**Your instructions**.
The answer must consist of every line from the data that holds "subst".

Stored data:
◇ ◇ ◇
lemma nn_integral_PiM_lborel_scale:
  fixes F :: "('i \<Rightarrow> real) \<Rightarrow> ennreal" and c :: real
  assumes "finite I" and "0 < c" and "F \<in> borel_measurable (PiM I (\<lambda>_. lborel))"
  shows "(\<integral>\<^sup>+x. F (\<lambda>i\<in>I. c * x i) \<partial>PiM I (\<lambda>_. lborel))
    = ennreal ((1/c) ^ card I) * (\<integral>\<^sup>+x. F x \<partial>PiM I (\<lambda>_. lborel))"
  using assms(1,3)
proof (induction I arbitrary: F rule: finite_induct)
  case empty
  then show ?case by (simp add: PiM_empty nn_integral_count_space_finite)
next
  case (insert k I)
  interpret product_sigma_finite "\<lambda>_. lborel" by standard
  note F_measurable [measurable] = insert.prems
  define H where "H z = (\<integral>\<^sup>+y. F (z(k := y)) \<partial>lborel)" for z
  have H_measurable [measurable]: "H \<in> borel_measurable (PiM I (\<lambda>_. lborel))"
    unfolding H_def by measurable
  have inner: "(\<integral>\<^sup>+y. F (z(k := c * y)) \<partial>lborel) = ennreal (1/c) * H z"
    if "z \<in> space (PiM I (\<lambda>_. lborel))" for z
  proof -
    have z_measurable: "(\<lambda>y. F (z(k := y))) \<in> borel_measurable borel"
      using measurable_compose[OF measurable_component_update[OF that insert.hyps(2)] F_measurable]
      by (simp add: fun_upd_def)
    have "H z = ennreal c * (\<integral>\<^sup>+y. F (z(k := c * y)) \<partial>lborel)"
      unfolding H_def using nn_integral_real_affine[OF z_measurable, of c 0] \<open>0 < c\<close> by simp
    moreover have "ennreal (1/c) * ennreal c = 1"
      using \<open>0 < c\<close> by (simp flip: ennreal_mult)
    ultimately show ?thesis by (simp add: mult.assoc[symmetric])
  qed
  have "(\<integral>\<^sup>+x. F (\<lambda>i\<in>insert k I. c * x i) \<partial>PiM (insert k I) (\<lambda>_. lborel))
      = (\<integral>\<^sup>+x. (\<integral>\<^sup>+y. F ((\<lambda>i\<in>I. c * x i)(k := c * y)) \<partial>lborel) \<partial>PiM I (\<lambda>_. lborel))"
    using insert.hyps
    by (subst product_nn_integral_insert) (auto intro!: nn_integral_cong arg_cong[where f=F])
  also have "\<dots> = (\<integral>\<^sup>+x. ennreal (1/c) * H (\<lambda>i\<in>I. c * x i) \<partial>PiM I (\<lambda>_. lborel))"
    by (intro nn_integral_cong inner) (simp add: space_PiM)
  also have "\<dots> = ennreal (1/c) * (\<integral>\<^sup>+x. H (\<lambda>i\<in>I. c * x i) \<partial>PiM I (\<lambda>_. lborel))"
    by (rule nn_integral_cmult) measurable
  also have "\<dots> = ennreal (1/c) * (ennreal ((1/c) ^ card I) * (\<integral>\<^sup>+x. H x \<partial>PiM I (\<lambda>_. lborel)))"
    by (simp add: insert.IH)
  also have "(\<integral>\<^sup>+x. H x \<partial>PiM I (\<lambda>_. lborel)) = (\<integral>\<^sup>+x. F x \<partial>PiM (insert k I) (\<lambda>_. lborel))"
    unfolding H_def using insert.hyps by (rule product_nn_integral_insert[symmetric]) measurable
  finally show ?case
    using insert.hyps \<open>0 < c\<close> by (simp add: ennreal_mult[symmetric] mult.assoc[symmetric])
qed

lemma sum_card_greaterThanLessThan: "(\<Sum>i<m. real (card {i<..<m})) = real m * (real m - 1) / 2"
proof -
  have "(\<Sum>i<m. real (card {i<..<m})) = (\<Sum>i<m. real (m - Suc i))" by simp
  also have "\<dots> = (\<Sum>i<m. real i)" by (rule sum.nat_diff_reindex)
  also have "\<dots> = real m * (real m - 1) / 2" by (induction m) (auto simp: field_simps)
  finally show ?thesis .
qed

lemma Z_integrand_scale:
  assumes "0 < s"
  shows "Z_integrand m a b (\<lambda>i\<in>{..<m}. s * x i)
    = s powr (b * (real m * (real m - 1) / 2)) * Z_integrand m (a * s^2) b x"
proof -
  have "(\<Prod>i<m. \<Prod>j\<in>{i<..<m}. \<bar>s * x i - s * x j\<bar> powr b)
      = (\<Prod>i<m. \<Prod>j\<in>{i<..<m}. s powr b * \<bar>x i - x j\<bar> powr b)"
    using assms by (intro prod.cong refl) (simp add: abs_mult powr_mult flip: right_diff_distrib)
  also have "\<dots> = (\<Prod>i<m. (s powr b) ^ card {i<..<m}) * (\<Prod>i<m. \<Prod>j\<in>{i<..<m}. \<bar>x i - x j\<bar> powr b)"
    by (simp add: prod.distrib)
  also have "(\<Prod>i<m. (s powr b) ^ card {i<..<m}) = s powr (\<Sum>i<m. b * real (card {i<..<m}))"
    using assms by (simp add: powr_realpow[symmetric] powr_powr powr_sum del: card_greaterThanLessThan)
  also have "\<dots> = s powr (b * (real m * (real m - 1) / 2))"
    by (simp only: sum_card_greaterThanLessThan flip: sum_distrib_left)
  finally have vandermonde: "(\<Prod>i<m. \<Prod>j\<in>{i<..<m}. \<bar>s * x i - s * x j\<bar> powr b)
      = s powr (b * (real m * (real m - 1) / 2)) * (\<Prod>i<m. \<Prod>j\<in>{i<..<m}. \<bar>x i - x j\<bar> powr b)" .
  have "(\<Sum>i<m. (s * x i)^2) = s^2 * (\<Sum>i<m. (x i)^2)"
    by (simp add: power_mult_distrib sum_distrib_left)
  then show ?thesis
    by (simp add: Z_integrand_def vandermonde mult_ac)
qed

lemma Z_nn_scale:
  assumes "0 < s"
  shows "Z_nn m (a * s^2) b = ennreal (s powr (- (b * (real m * (real m - 1) / 2)) - real m)) * Z_nn m a b"
proof -
  define e where "e = b * (real m * (real m - 1) / 2)"
  have "ennreal (s powr e) * Z_nn m (a * s^2) b
      = (\<integral>\<^sup>+x. ennreal (s powr e * Z_integrand m (a * s^2) b x) \<partial>PiM {..<m} (\<lambda>_. lborel))"
    unfolding Z_nn_def
    by (subst nn_integral_cmult[symmetric]) (auto simp: ennreal_mult Z_integrand_nonneg)
  also have "\<dots> = (\<integral>\<^sup>+x. ennreal (Z_integrand m a b (\<lambda>i\<in>{..<m}. s * x i)) \<partial>PiM {..<m} (\<lambda>_. lborel))"
    using assms by (simp add: Z_integrand_scale e_def)
  also have "\<dots> = ennreal ((1/s) ^ m) * Z_nn m a b"
    unfolding Z_nn_def using assms by (subst nn_integral_PiM_lborel_scale) auto
  finally have scaled: "ennreal (s powr e) * Z_nn m (a * s^2) b = ennreal ((1/s) ^ m) * Z_nn m a b" .
  have "Z_nn m (a * s^2) b = ennreal (s powr (- e)) * (ennreal (s powr e) * Z_nn m (a * s^2) b)"
    using assms by (simp add: mult.assoc[symmetric] powr_minus flip: ennreal_mult)
  also have "\<dots> = ennreal (s powr (- e - real m)) * Z_nn m a b"
    using assms by (simp add: scaled mult.assoc[symmetric] powr_diff powr_realpow power_one_over
        divide_inverse power_inverse flip: ennreal_mult)
  finally show ?thesis by (simp add: e_def)
qed

lemma powr_one_minus_neg_le_exp:
  fixes \<epsilon> E :: real
  assumes "0 \<le> \<epsilon>" and "\<epsilon> \<le> 1/2" and "0 \<le> E"
  shows "(1 - \<epsilon>) powr (- E) \<le> exp (2 * \<epsilon> * E)"
proof -
  have "- ln (1 - \<epsilon>) \<le> \<epsilon> + 2 * \<epsilon>^2"
    using ln_one_minus_pos_lower_bound[OF assms(1,2)] by linarith
  also have "\<dots> \<le> 2 * \<epsilon>"
    using mult_left_mono[of \<epsilon> "1/2" \<epsilon>] assms by (simp add: power2_eq_square)
  finally have "- ln (1 - \<epsilon>) * E \<le> 2 * \<epsilon> * E"
    using \<open>0 \<le> E\<close> by (rule mult_right_mono)
  then show ?thesis
    using assms by (simp add: powr_def algebra_simps)
qed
◇ ◇ ◇
**Exercise answer**.
    by (subst product_nn_integral_insert) (auto intro!: nn_integral_cong arg_cong[where f=F])
    by (subst nn_integral_cmult[symmetric]) (auto simp: ennreal_mult Z_integrand_nonneg)
    unfolding Z_nn_def using assms by (subst nn_integral_PiM_lborel_scale) auto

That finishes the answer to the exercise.